L’objectif réel et urgent
Compte tenu des 4,5 M de morts à l’échelle internationale et, surtout, de l’incapacité de mettre fin à la pandémie, oui, on peut aisément croire que l’objectif du passeport respecte ce critère. Peu importe qu’il soit ici question d’encourager la vaccination chez les récalcitrants, de limiter la contamination, de préserver les ressources médicales ou, encore, d’assurer un peu de bonheur aux vaccinés lors de leur prochain séjour au resto, cinéma ou théâtre, lesquels seront enfin épargnés des discours débiles anti-vax.

Le lien rationnel
Sans doute, il existe un lien étroit et intelligible entre les objectifs ci-haut et la mesure adoptée.

Atteinte minimale
Au lieu de se gâter de divers loisirs publics, les non-vaccinés devront demeurer chez eux, en jouant au Nintendo en mangeant des sandwichs aux tomates. Plate pour eux autres, mais pas Guantanamo non plus. Critère rencontré.

La proportionnalité
L’État essaie-t-il de pulvériser une mouche avec un bazooka? À voir la grosseur de la mouche, aka la pandémie, et l’arme en question, aka un petit passeport, pas de doute ici non plus.
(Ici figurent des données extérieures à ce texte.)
(* Let $(\varepsilon_i)_{i\ge4}$ and $(\varepsilon'_i)_{i\ge l}$ be elements of $\mathcal{D}^\infty$ such that $\sum_{i=4}^\infty\varepsilon_i\alpha^i=\sum_{i=l}^\infty\varepsilon'_i\alpha^i$, where $l<4$ and $\varepsilon'_l=1$. Then $\varepsilon'_l\alpha^l+\varepsilon'_{l+1}\alpha^{l+1}+\cdots+\varepsilon'_3\alpha^3$ belongs to $S$. In particular $l\ge-3$, and $\varepsilon'_l\alpha^l+\cdots+\varepsilon'_3\alpha^3=\alpha^{-3}+\alpha^{-2}+1+\alpha^3$ if $l=-3$; $\varepsilon'_l\alpha^l+\cdots+\varepsilon'_3\alpha^3=\alpha^{-2}+\alpha^{-1}+\alpha$ if $l=-2$; $\varepsilon'_l\alpha^l+\cdots+\varepsilon'_3\alpha^3=\alpha^{-1}+1+\alpha^2$ if $l=-1$.
   Context: Let $P(x)=x^4-x^3-x^2-x-1$. Its roots are $\beta=\beta_1\approx 1.9275$, a real root $\beta_2\approx-0.7748$, and a pair of complex conjugate roots $\beta_3\approx-0.0763+0.8147i$ and $\overline{\beta_3}$. For $i\in\mathbb{Z}$ put $\alpha^i=(\beta_2^i,\beta_3^i)\in\mathbb{R}\times\mathbb{C}$, with $\alpha^0=1=(1,1)$; arithmetic is componentwise and an integer $n$ is identified with $(n,n)$. $\mathcal{D}^\infty$ is the set of sequences $(\varepsilon_i)_{i\ge l}$, $l\in\mathbb{Z}$, with $\varepsilon_i\in\{0,1\}$ and containing no four consecutive $1$'s. $S$ is the set $\{\pm\sum_{i=0}^3c_i\alpha^i : c_i\in\{0,1\},\ c_0c_1c_2c_3\neq1111\}\cup\{\pm(\alpha^{-1}+1+\alpha^2),\pm(\alpha^{-2}+\alpha^{-1}+\alpha),\pm(\alpha^{-3}+\alpha^{-2}+1+\alpha^3)\}$. *)

theory Defs
  imports Complex_Main
begin

definition beta2 :: real where
  "beta2 = (THE x::real. x^4 - x^3 - x^2 - x - 1 = 0 \<and> x < 0)"

definition beta3 :: complex where
  "beta3 = (THE z::complex. z^4 - z^3 - z^2 - z - 1 = 0 \<and> Im z > 0)"

text \<open>alpha^i = (beta2^i, beta3^i) in R x C; elements of R x C are represented as pairs.\<close>
definition alpha_pow :: "int \<Rightarrow> real \<times> complex" where
  "alpha_pow i = (beta2 powi i, beta3 powi i)"

definition Dinf :: "int \<Rightarrow> (int \<Rightarrow> int) \<Rightarrow> bool" where
  "Dinf l eps \<longleftrightarrow> (\<forall>i\<ge>l. eps i \<in> {0,1}) \<and>
     (\<forall>i\<ge>l. \<not> (eps i = 1 \<and> eps (i+1) = 1 \<and> eps (i+2) = 1 \<and> eps (i+3) = 1))"

definition series_val :: "int \<Rightarrow> (int \<Rightarrow> int) \<Rightarrow> real \<times> complex" where
  "series_val l eps =
     ((\<Sum>n. of_int (eps (l + int n)) * beta2 powi (l + int n)),
      (\<Sum>n. of_int (eps (l + int n)) * beta3 powi (l + int n)))"

definition partial_val :: "int \<Rightarrow> int \<Rightarrow> (int \<Rightarrow> int) \<Rightarrow> real \<times> complex" where
  "partial_val a b eps =
     ((\<Sum>i=a..b. of_int (eps i) * beta2 powi i),
      (\<Sum>i=a..b. of_int (eps i) * beta3 powi i))"

definition aset :: "int set \<Rightarrow> real \<times> complex" where
  "aset A = ((\<Sum>i\<in>A. beta2 powi i), (\<Sum>i\<in>A. beta3 powi i))"

definition pneg :: "real \<times> complex \<Rightarrow> real \<times> complex" where
  "pneg p = (- fst p, - snd p)"

definition S_set :: "(real \<times> complex) set" where
  "S_set = (let T = {aset A | A. A \<subseteq> {0..3} \<and> A \<noteq> {0..3}}
                    \<union> {aset {-1,0,2}, aset {-2,-1,1}, aset {-3,-2,0,3}}
            in T \<union> pneg ` T)"

end

theory Submission
  imports Defs
begin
On pourrait aussi parler d’une violation potentielle à un droit à l’égalité, mais sauf erreur, la bêtise ne fait pas partie des critères reconnus ou analogues protégés par le droit en question. Tough luck.

Alors voilà pour la démonstration. En échange d’un petit pécule (pas le cornichon, le fric), je demeure dispo pour changer d’idées.

Dans l’intervalle, par contre, je maintiens ceci : la dictature du « je-me-moi » et autres « J’ai l’doua! » a, imaginez donc, des limites. Celles posée par un concept depuis perdu dans le brouhaha du bruit de l’insignifiance, de l’égoïsme et l’inhumanisme: l’intérêt commun.